Imagine the annual report from your favourite Christian charity describing how successful they have been at helping people, families and communities become the equivalent of the organic soup in a cocoon or the dead kernel of wheat in the ground! What glossy graphics would illustrate the “progress”? Would you be motivated to give so the work could continue? Would you be drawn to become more personally engaged in the process? Would the agency likely be successful in a grant application to a foundation or government?
A personal story
Heidi, a young woman from our church, recently spent 6 months in a small coastal village in the Philippines. Some of the people she came to know and love there told her that before they “came to know Jesus” they were unkind, rude, cruel and trapped in addictions. As she tells the story, Heidi’s eyes light up and she shakes her head: “I can’t even picture them like that! Now they are so humble, generous, wise, gentle, servant-hearted and completely free from addiction. It’s as if we are talking about completely different people.” In a sense, perhaps we are. Heidi saw how micro-loans and college sponsorships are helping to improve the conditions in which villagers live. That’s change. But she also saw how God is transforming people at the very core of who they are. And she is experiencing that power in her own life now in new ways as well. That’s transformation.
Now please don’t get me wrong – I’m not suggesting that we go back to the old dichotomist way of thinking which prioritizes preaching, prayer and Bible study over all other work in Christian mission. What I’m emphasizing is that transformation is about more than just some improvement in conditions. Transformation is something that happens at the core of who we are as individuals and communities.

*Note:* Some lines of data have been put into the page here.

text \<open>Each side of a superextremal two-clique is Hamilton-connected, so a Hamilton path of \<open>A\<close>
  from \<open>a\<close> to \<open>a'\<close> and one of \<open>B\<close> from \<open>b'\<close> to \<open>b\<close> close up, through the edges \<open>a'b'\<close> and
  \<open>ba\<close>, to the required Hamilton cycle. Within a side, the at most \<open>\<epsilon>n\<close> vertices of low degree
  still have \<open>(1/4 - \<epsilon>)n\<close> neighbours, so they are threaded greedily into a short walk between
  the prescribed ends, each flanked by typical vertices. Every remaining vertex misses at most
  \<open>3\<epsilon>n/2\<close> vertices of its side; once the walk is longer than twice that, such a vertex has
  two consecutive neighbours on it and can be inserted between them.\<close>

fun is_walk :: "('a \<Rightarrow> 'a \<Rightarrow> bool) \<Rightarrow> 'a list \<Rightarrow> bool" where
  "is_walk E [] = True"
| "is_walk E [v] = True"
| "is_walk E (u # v # r) = (E u v \<and> is_walk E (v # r))"

lemma is_walk_Cons: "is_walk E (v # r) \<longleftrightarrow> (r = [] \<or> E v (hd r)) \<and> is_walk E r"
  by (cases r) auto

lemma is_walk_append:
  "is_walk E (xs @ ys) \<longleftrightarrow>
     is_walk E xs \<and> is_walk E ys \<and> (xs \<noteq> [] \<and> ys \<noteq> [] \<longrightarrow> E (last xs) (hd ys))"
proof (induction xs)
  case (Cons x xs)
  then show ?case by (cases xs) (auto simp: is_walk_Cons)
qed simp

lemma is_walk_nth: "is_walk E p \<Longrightarrow> Suc i < length p \<Longrightarrow> E (p ! i) (p ! Suc i)"
proof (induction p arbitrary: i)
  case (Cons x xs)
  then show ?case by (cases i) (auto simp: is_walk_Cons hd_conv_nth)
qed simp

definition hamilton_path :: "('a \<Rightarrow> 'a \<Rightarrow> bool) \<Rightarrow> 'a set \<Rightarrow> 'a \<Rightarrow> 'a \<Rightarrow> 'a list \<Rightarrow> bool" where
  "hamilton_path E X x y p \<longleftrightarrow> is_walk E p \<and> distinct p \<and> set p = X \<and> hd p = x \<and> last p = y"

lemma hamilton_cycle_of_walk:
  assumes "is_walk E cs" "distinct cs" "set cs = V" "3 \<le> length cs" "E (last cs) (hd cs)"
  shows "hamilton_cycle V E cs"
  unfolding hamilton_cycle_def
proof (intro conjI allI impI)
  fix i assume i: "i < length cs"
  show "E (cs ! i) (cs ! ((i + 1) mod length cs))"
  proof (cases "Suc i < length cs")
    case True
    then show ?thesis using is_walk_nth[OF assms(1)] by simp
  next
    case False
    then have "i = length cs - 1" "Suc i = length cs" using i by auto
    moreover have "cs \<noteq> []" using assms(4) by auto
    ultimately show ?thesis using assms(5) by (simp add: hd_conv_nth last_conv_nth)
  qed
qed (use assms in auto)

lemma cycle_contains_edge_nth:
  "Suc i < length cs \<Longrightarrow> cycle_contains_edge cs (cs ! i) (cs ! Suc i)"
  unfolding cycle_contains_edge_def by (intro exI[of _ i]) simp

lemma cycle_contains_edge_hd_last:
  assumes "cs \<noteq> []"
  shows "cycle_contains_edge cs (hd cs) (last cs)"
  unfolding cycle_contains_edge_def
proof (intro exI[of _ "length cs - 1"] conjI)
  have "(length cs - 1 + 1) mod length cs = 0" using assms by simp
  then show "{cs ! (length cs - 1), cs ! ((length cs - 1 + 1) mod length cs)} = {hd cs, last cs}"
    using assms by (simp add: hd_conv_nth last_conv_nth insert_commute)
qed (use assms in simp)

lemma length_ge_2_if_hd_neq_last: "xs \<noteq> [] \<Longrightarrow> hd xs \<noteq> last xs \<Longrightarrow> 2 \<le> length xs"
  by (cases xs) (auto simp: Suc_le_eq)

lemma hamilton_cycle_join_paths:
  assumes sym: "\<And>u v. E u v \<Longrightarrow> E v u"
    and p: "hamilton_path E A a a' p" and q: "hamilton_path E B b' b q"
    and "A \<inter> B = {}" "a \<in> A" "b \<in> B" "a \<noteq> a'" "E a b" "E a' b'"
  shows "\<exists>cs. hamilton_cycle (A \<union> B) E cs \<and> cycle_contains_edge cs a b \<and> cycle_contains_edge cs a' b'"
proof (intro exI[of _ "p @ q"] conjI)
  have "p \<noteq> []" "q \<noteq> []" using p q assms(5,6) by (auto simp: hamilton_path_def)
  then have "2 \<le> length p" using p assms(7) length_ge_2_if_hd_neq_last by (auto simp: hamilton_path_def)
  show "hamilton_cycle (A \<union> B) E (p @ q)"
  proof (rule hamilton_cycle_of_walk)
    show "is_walk E (p @ q)" using p q assms(9) \<open>p \<noteq> []\<close> \<open>q \<noteq> []\<close>
      by (simp add: hamilton_path_def is_walk_append)
    show "E (last (p @ q)) (hd (p @ q))" using p q sym[OF assms(8)] \<open>p \<noteq> []\<close> \<open>q \<noteq> []\<close>
      by (simp add: hamilton_path_def)
    show "3 \<le> length (p @ q)" using \<open>2 \<le> length p\<close> \<open>q \<noteq> []\<close> by (cases q) auto
  qed (use p q assms(4) in \<open>auto simp: hamilton_path_def\<close>)
  show "cycle_contains_edge (p @ q) a b"
    using cycle_contains_edge_hd_last[of "p @ q"] p q \<open>p \<noteq> []\<close> \<open>q \<noteq> []\<close>
    by (simp add: hamilton_path_def)
  have "(p @ q) ! (length p - 1) = a'" "(p @ q) ! Suc (length p - 1) = b'"
    using p q \<open>p \<noteq> []\<close> \<open>q \<noteq> []\<close>
    by (auto simp: hamilton_path_def nth_append last_conv_nth hd_conv_nth)
  then show "cycle_contains_edge (p @ q) a' b'"
    using cycle_contains_edge_nth[of "length p - 1" "p @ q"] \<open>2 \<le> length p\<close> \<open>q \<noteq> []\<close>
    by (cases q) auto
qed

lemma ex_notin_if_card_less: "finite B \<Longrightarrow> card B < card A \<Longrightarrow> \<exists>a\<in>A. a \<notin> B"
  by (meson card_mono linorder_not_less subsetI)

lemma card_filter_add_card_filter_not:
  "finite A \<Longrightarrow> card {u \<in> A. P u} + card {u \<in> A. \<not> P u} = card A"
proof -
  assume "finite A"
  then have "card ({u \<in> A. P u} \<union> {u \<in> A. \<not> P u}) = card {u \<in> A. P u} + card {u \<in> A. \<not> P u}"
    by (intro card_Un_disjoint) auto
  moreover have "{u \<in> A. P u} \<union> {u \<in> A. \<not> P u} = A" by auto
  ultimately show ?thesis by simp
qed

lemma ex_consecutive_satisfying:
  assumes "distinct p" and "2 * card {u \<in> set p. \<not> P u} + 1 < length p"
  shows "\<exists>i. Suc i < length p \<and> P (p ! i) \<and> P (p ! Suc i)"
proof (rule ccontr)
  assume no_pair: "\<not> ?thesis"
  define Bad where "Bad = {u \<in> set p. \<not> P u}"
  define I where "I = {i. i < length p \<and> p ! i \<in> Bad}"
  define J where "J = {i. Suc i < length p \<and> p ! Suc i \<in> Bad}"
  have finite_I: "finite I" unfolding I_def by simp
  have finite_J: "finite J" by (rule finite_subset[of _ "{..<length p}"]) (auto simp: J_def)
  have "inj_on (nth p) I"
    using \<open>distinct p\<close> unfolding I_def inj_on_def by (simp add: nth_eq_iff_index_eq)
  then have "card I \<le> card Bad"
    by (rule card_inj_on_le) (auto simp: I_def Bad_def)
  moreover have "card J \<le> card I"
    using finite_I by (intro card_inj_on_le[of Suc]) (auto simp: I_def J_def)
  moreover have "length p - 1 \<le> card (I \<union> J)"
  proof -
    have "{..<length p - 1} \<subseteq> I \<union> J"
    proof
      fix i assume "i \<in> {..<length p - 1}"
      then have "Suc i < length p" by simp
      then show "i \<in> I \<union> J"
        using no_pair nth_mem[of i p] nth_mem[of "Suc i" p] by (auto simp: I_def J_def Bad_def)
    qed
    moreover have "finite (I \<union> J)" using finite_I finite_J by simp
    ultimately show ?thesis using card_mono[of "I \<union> J" "{..<length p - 1}"] by simp
  qed
  ultimately have "length p - 1 \<le> 2 * card Bad"
    using card_Un_le[of I J] by linarith
  then show False using assms(2) unfolding Bad_def by linarith
qed

lemma walk_insert_vertex:
  assumes sym: "\<And>u v. E u v \<Longrightarrow> E v u"
    and walk: "is_walk E p" "distinct p" "z \<notin> set p"
    and few: "2 * card {u \<in> set p. \<not> E z u} + 1 < length p"
  shows "\<exists>p'. is_walk E p' \<and> distinct p' \<and> set p' = insert z (set p) \<and> hd p' = hd p
     \<and> last p' = last p \<and> length p' = Suc (length p)"
proof -
  obtain i where i: "Suc i < length p" "E z (p ! i)" "E z (p ! Suc i)"
    using ex_consecutive_satisfying[OF walk(2) few] by blast
  define xs where "xs = take (Suc i) p"
  define ys where "ys = drop (Suc i) p"
  have p: "p = xs @ ys" unfolding xs_def ys_def by simp
  have "xs \<noteq> []" "ys \<noteq> []" using i by (auto simp: xs_def ys_def)
  have "last xs = p ! i" using i \<open>xs \<noteq> []\<close> by (simp add: xs_def last_conv_nth min_def)
  have "hd ys = p ! Suc i" using i by (simp add: ys_def hd_drop_conv_nth)
  have "is_walk E (xs @ z # ys)"
    using \<open>last xs = p ! i\<close> \<open>hd ys = p ! Suc i\<close> walk(1) \<open>xs \<noteq> []\<close> \<open>ys \<noteq> []\<close>
      i(3) sym[OF i(2)]
    unfolding p by (auto simp: is_walk_append is_walk_Cons)
  moreover have "distinct (xs @ z # ys)" using walk(2,3) unfolding p by auto
  ultimately show ?thesis
    using \<open>xs \<noteq> []\<close> \<open>ys \<noteq> []\<close> unfolding p by (intro exI[of _ "xs @ z # ys"]) auto
qed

It is right that we invest our skills, technology, experience and wisdom in efforts to improve the quality of our shared life together. If we didn’t, we wouldn’t be loving our neighbour, would we? And we can’t love God without loving our neighbour in tangible, practical ways.
The challenge is to do and describe our work in such a way that whatever changes result from it, they point to the deeper and more elemental change, the undoing and re-forming, that is true transformation. If our work is to be Christian, it needs to open up the possibility of being undone and re-formed in the death and resurrection of Christ, so that we can enter into the transformed fullness of life which God intends.
We could start by being more careful with our words. Sure, it sounds more exciting to say that a child’s life was transformed than to simply say things changed or improved somewhat. But if our words and work are to be effective, we need to mean what we say and say what we mean. If the life of the child or community was not completely undone and re-formed, let’s not pretend it was. Let’s be honest and talk about what improved, while holding out hope for the transformation that can still come.
Greg Reader is a Learning and Development Specialist with International Teams Canada. He has over 30 years’ experience working with International Teams in Europe, the Philippines and Canada. Greg presently provides leadership to “The Forge” internship, and training support to teams. He is pursuing post-graduate research on the role of the local church in transformational development. He and his wife Helen currently live in Hamilton ON with their two children, Eryn and Daniel.